- Episode no.: Series 6 Episode 9
- Directed by: Ian Barnes
- Written by: Jess Brittain
- Original air date: 19 March 2012

Guest appearances
- Justin Edwards as Eric; Clare Grogan as Shelley; Dawn Porter as Receptionist; Tim Key as Dr. O'Dwyer; Tanya Moodie as Layla;

Episode chronology
| ← Previous "Liv" | Next → "Finale" |
- Skins (series 6)

= Mini and Franky =

"Mini and Franky" is the ninth and penultimate episode of the sixth series of the British teen drama Skins. It premiered on E4 in the UK on 19 March 2012. The episode is told from the point of view of characters Mini McGuinness and Franky Fitzgerald.

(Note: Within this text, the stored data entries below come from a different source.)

lemma lsc_on_tail_SUP_prefix:
  assumes pruned: "pruned_tree T"
    and finite: "\<And>x. x \<in> branches T \<Longrightarrow> \<bar>SUP t\<in>{n..}. ereal (u (map x [0..<Suc t]))\<bar> \<noteq> \<infinity>"
  shows "lsc_on (tree_topology T) (\<lambda>x. real_of_ereal (SUP t\<in>{n..}. ereal (u (map x [0..<Suc t]))))"
proof -
  have "r < real_of_ereal (SUP t\<in>{n..}. ereal (u (map x [0..<Suc t]))) \<longleftrightarrow>
      (\<exists>t. n < length (map x [0..<t]) \<and> r < u (map x [0..<t]))"
    if "x \<in> branches T" for r x
  proof -
    have "r < real_of_ereal (SUP t\<in>{n..}. ereal (u (map x [0..<Suc t]))) \<longleftrightarrow>
        (\<exists>t\<ge>n. r < u (map x [0..<Suc t]))"
      using finite[OF that] by (auto simp: ereal_less_real_iff less_SUP_iff)
    also have "\<dots> \<longleftrightarrow> (\<exists>t>n. r < u (map x [0..<t]))"
    proof
      assume "\<exists>t>n. r < u (map x [0..<t])"
      then obtain t where "n < Suc t" "r < u (map x [0..<Suc t])"
        by (metis Suc_pred' bot_nat_0.extremum_strict gr0I)
      then show "\<exists>t\<ge>n. r < u (map x [0..<Suc t])"
        using less_Suc_eq_le by blast
    qed (use le_imp_less_Suc in blast)
    finally show ?thesis
      by simp
  qed
  then have eq: "{x \<in> topspace (tree_topology T).
        r < real_of_ereal (SUP t\<in>{n..}. ereal (u (map x [0..<Suc t])))} =
      {x \<in> branches T. \<exists>t. n < length (map x [0..<t]) \<and> r < u (map x [0..<t])}" for r
    using topspace_tree_topology[OF pruned] by auto
  then show ?thesis
    unfolding lsc_on_def eq by (intro allI openin_tree_topology_prefix_property[OF pruned])
qed

lemma limsup_function_imp_decreasing_lsc_limit:
  assumes pruned: "pruned_tree T" and "limsup_function T f"
  obtains g :: "nat \<Rightarrow> (nat \<Rightarrow> 'a) \<Rightarrow> real"
  where "\<And>n. lsc_on (tree_topology T) (g n)"
    and "\<And>n x. x \<in> branches T \<Longrightarrow> g (Suc n) x \<le> g n x"
    and "\<And>x. x \<in> branches T \<Longrightarrow> (\<lambda>n. g n x) \<longlonglongrightarrow> f x"
proof -
  obtain u :: "'a list \<Rightarrow> real" where u: "\<And>x. x \<in> branches T \<Longrightarrow>
      limsup (\<lambda>t. ereal (u (map x [0..<Suc t]))) = ereal (f x)"
    using assms(2) unfolding limsup_function_def by blast
  define S where "S n x = (SUP t\<in>{n..}. ereal (u (map x [0..<Suc t])))" for n x
  have S_finite: "\<bar>S n x\<bar> \<noteq> \<infinity>" if "x \<in> branches T" for n x
    unfolding S_def using u[OF that] by (intro tail_SUP_ereal_finite) simp
  have S_dec: "S (Suc n) x \<le> S n x" for n x
    unfolding S_def by (rule SUP_subset_mono) auto
  define g where "g n x = real_of_ereal (S n x)" for n x
  have "lsc_on (tree_topology T) (g n)" for n
    unfolding g_def S_def using S_finite[unfolded S_def] by (rule lsc_on_tail_SUP_prefix[OF pruned])
  moreover have "g (Suc n) x \<le> g n x" if "x \<in> branches T" for n x
  proof -
    have "ereal (g (Suc n) x) \<le> ereal (g n x)"
      unfolding g_def using S_dec S_finite[OF that] by (simp add: ereal_real')
    then show ?thesis
      by simp
  qed
  moreover have "(\<lambda>n. g n x) \<longlonglongrightarrow> f x" if "x \<in> branches T" for x
  proof -
    have "decseq (\<lambda>n. S n x)"
      using S_dec by (simp add: decseq_Suc_iff)
    then have "(\<lambda>n. S n x) \<longlonglongrightarrow> ereal (f x)"
      using LIMSEQ_INF u[OF that] unfolding S_def limsup_INF_SUP by metis
    then show ?thesis
      unfolding g_def by (rule lim_real_of_ereal)
  qed
  ultimately show ?thesis
    using that by blast
qed

lemma lsc_on_add_const:
  assumes "lsc_on X g"
  shows "lsc_on X (\<lambda>x. g x + c)"
proof -
  have "{x \<in> topspace X. r < g x + c} = {x \<in> topspace X. r - c < g x}" for r
    by auto
  then show ?thesis
    using assms by (simp add: lsc_on_def)
qed

lemma openin_strict_subgraph_lsc:
  assumes "lsc_on X g"
  shows "openin (prod_topology X euclideanreal) {(x, r). x \<in> topspace X \<and> r < g x}"
proof -
  have "{(x, r). x \<in> topspace X \<and> r < g x} = (\<Union>q. {x \<in> topspace X. q < g x} \<times> {..<q})"
  proof (intro equalityI subsetI)
    fix p assume "p \<in> {(x, r). x \<in> topspace X \<and> r < g x}"
    then obtain x r where p: "p = (x, r)" "x \<in> topspace X" "r < g x"
      by blast
    then obtain q where "r < q" "q < g x"
      using dense by blast
    with p show "p \<in> (\<Union>q. {x \<in> topspace X. q < g x} \<times> {..<q})"
      by blast
  qed auto
  then show ?thesis
    using assms unfolding lsc_on_def by (auto simp: openin_prod_Times_iff intro!: openin_Union)
qed

lemma le_lim_iff_frequently_close:
  fixes b :: "nat \<Rightarrow> real"
  assumes "b \<longlonglongrightarrow> c"
  shows "r \<le> c \<longleftrightarrow> (\<forall>k N. \<exists>n\<ge>N. r < b n + 1 / Suc k)"
proof
  assume "r \<le> c"
  show "\<forall>k N. \<exists>n\<ge>N. r < b n + 1 / Suc k"
  proof (intro allI)
    fix k N :: nat
    have "c - 1 / Suc k < c"
      by simp
    then have "\<forall>\<^sub>F n in sequentially. c - 1 / Suc k < b n"
      by (rule order_tendstoD(1)[OF assms])
    then obtain M where "\<And>n. n \<ge> M \<Longrightarrow> c - 1 / Suc k < b n"
      by (auto simp: eventually_sequentially)
    then have "max N M \<ge> N" "c - 1 / Suc k < b (max N M)"
      by auto
    then show "\<exists>n\<ge>N. r < b n + 1 / Suc k"
      using \<open>r \<le> c\<close> by (intro exI[of _ "max N M"]) auto
  qed
next
  assume close: "\<forall>k N. \<exists>n\<ge>N. r < b n + 1 / Suc k"
  show "r \<le> c"
  proof (rule ccontr)
    assume "\<not> r \<le> c"
    then have "(r - c) / 2 > 0"
      by simp
    then obtain k :: nat where k: "1 / Suc k < (r - c) / 2"
      using reals_Archimedean by (metis inverse_eq_divide)
    have "\<forall>\<^sub>F n in sequentially. b n < c + (r - c) / 2"
      using assms \<open>\<not> r \<le> c\<close> by (intro order_tendstoD(2)) auto
    then obtain N where N: "\<And>n. n \<ge> N \<Longrightarrow> b n < c + (r - c) / 2"
      by (auto simp: eventually_sequentially)
    obtain n where n: "n \<ge> N" "r < b n + 1 / Suc k"
      using close by blast
    have "b n < c + (r - c) / 2"
      using N n(1) .
    with n(2) k show False
      by argo
  qed
qed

Mini and Franky are still holed up in Mini's bedroom, but with Matty back in Bristol and Mini's ever-growing baby bump, time is quickly running out for the girls. Things come to a head when Mini's health takes a turn for the worse leaving them isolated and under pressure from family and friends.

==Plot==
The episode begins Franky waking up in Mini's bed and putting her hand towards the light coming in through the window. She turns over, expecting to see Mini, before realises that she is hiding under the duvet. Franky tells Mini that her ultrasound appointment is today, but Mini is reluctant to go. Franky is in the kitchen cooking French toast, when suddenly Mini's mum Shelley and her boyfriend Eric return home from their holiday. Shelley, still unaware of Mini's pregnancy, goes upstairs to check on her and Mini only just manages to cover up her baby bump by covering herself with her duvet. Later, when Franky and Mini are having breakfast, Mini goes over to the window and discovers Matty standing outside, much to her horror. Afterwards, Franky takes Mini to her ultrasound appointment and Matty, wanting to talk to Franky begins following them. While Matty and Franky argue, Mini suddenly collapses behind them. After not initially noticing, Matty calls an ambulance and Mini is rushed to hospital. At the hospital, Alo and Shelley are shocked when they find out about Mini's pregnancy, and Nick finds out that Matty is back in Bristol, causing a fight to break out between the two brothers in the hospital waiting area. Shelley wants Mini to give the baby up for adoption, and they have a blazing row about it, while Franky refuses to call the police on Matty and gives off indications that she may still have feelings for him. Alo, meanwhile, is determined that he doesn't want a baby.

Mini and Franky meet up outside Mini's house, and Franky becomes determined to prevent Shelley from making Mini give up her baby, due to her own experiences with adoption. With a symbolic switching off of their iPhones, the two girls escape to another part of Bristol and find a homeless shelter to stay for the night, masquerading as a lesbian couple to get a room together. The next day, however, Franky intercepts a call from Alo to Mini's phone and deletes it, not wanting anyone to contact Mini. But Mini is starting to have doubts about whether running away from their troubles will make things better. Franky attempts to persuade her to go to Oxford (where she had lived before moving to Bristol), but Mini refuses, and is found by her new stepfather at the bus station. He persuades her to return home, and manages to coax Franky, who is desperate not to lose the only mother figure in her life, to come with them. When they return to Mini's house, Franky is gently sent upstairs to run a bath, and Shelley tells Mini the story of her near miscarriage, and agrees to let her keep the baby. Franky, who has been listening, loses it and flees the house, running down the street in tears. Later that night, Rich picks Mini up and takes her to Alo's farm, where Mini and Alo kiss and finally form a proper relationship. The two dancing a musical number, but suddenly, Mini discovers blood running down her leg.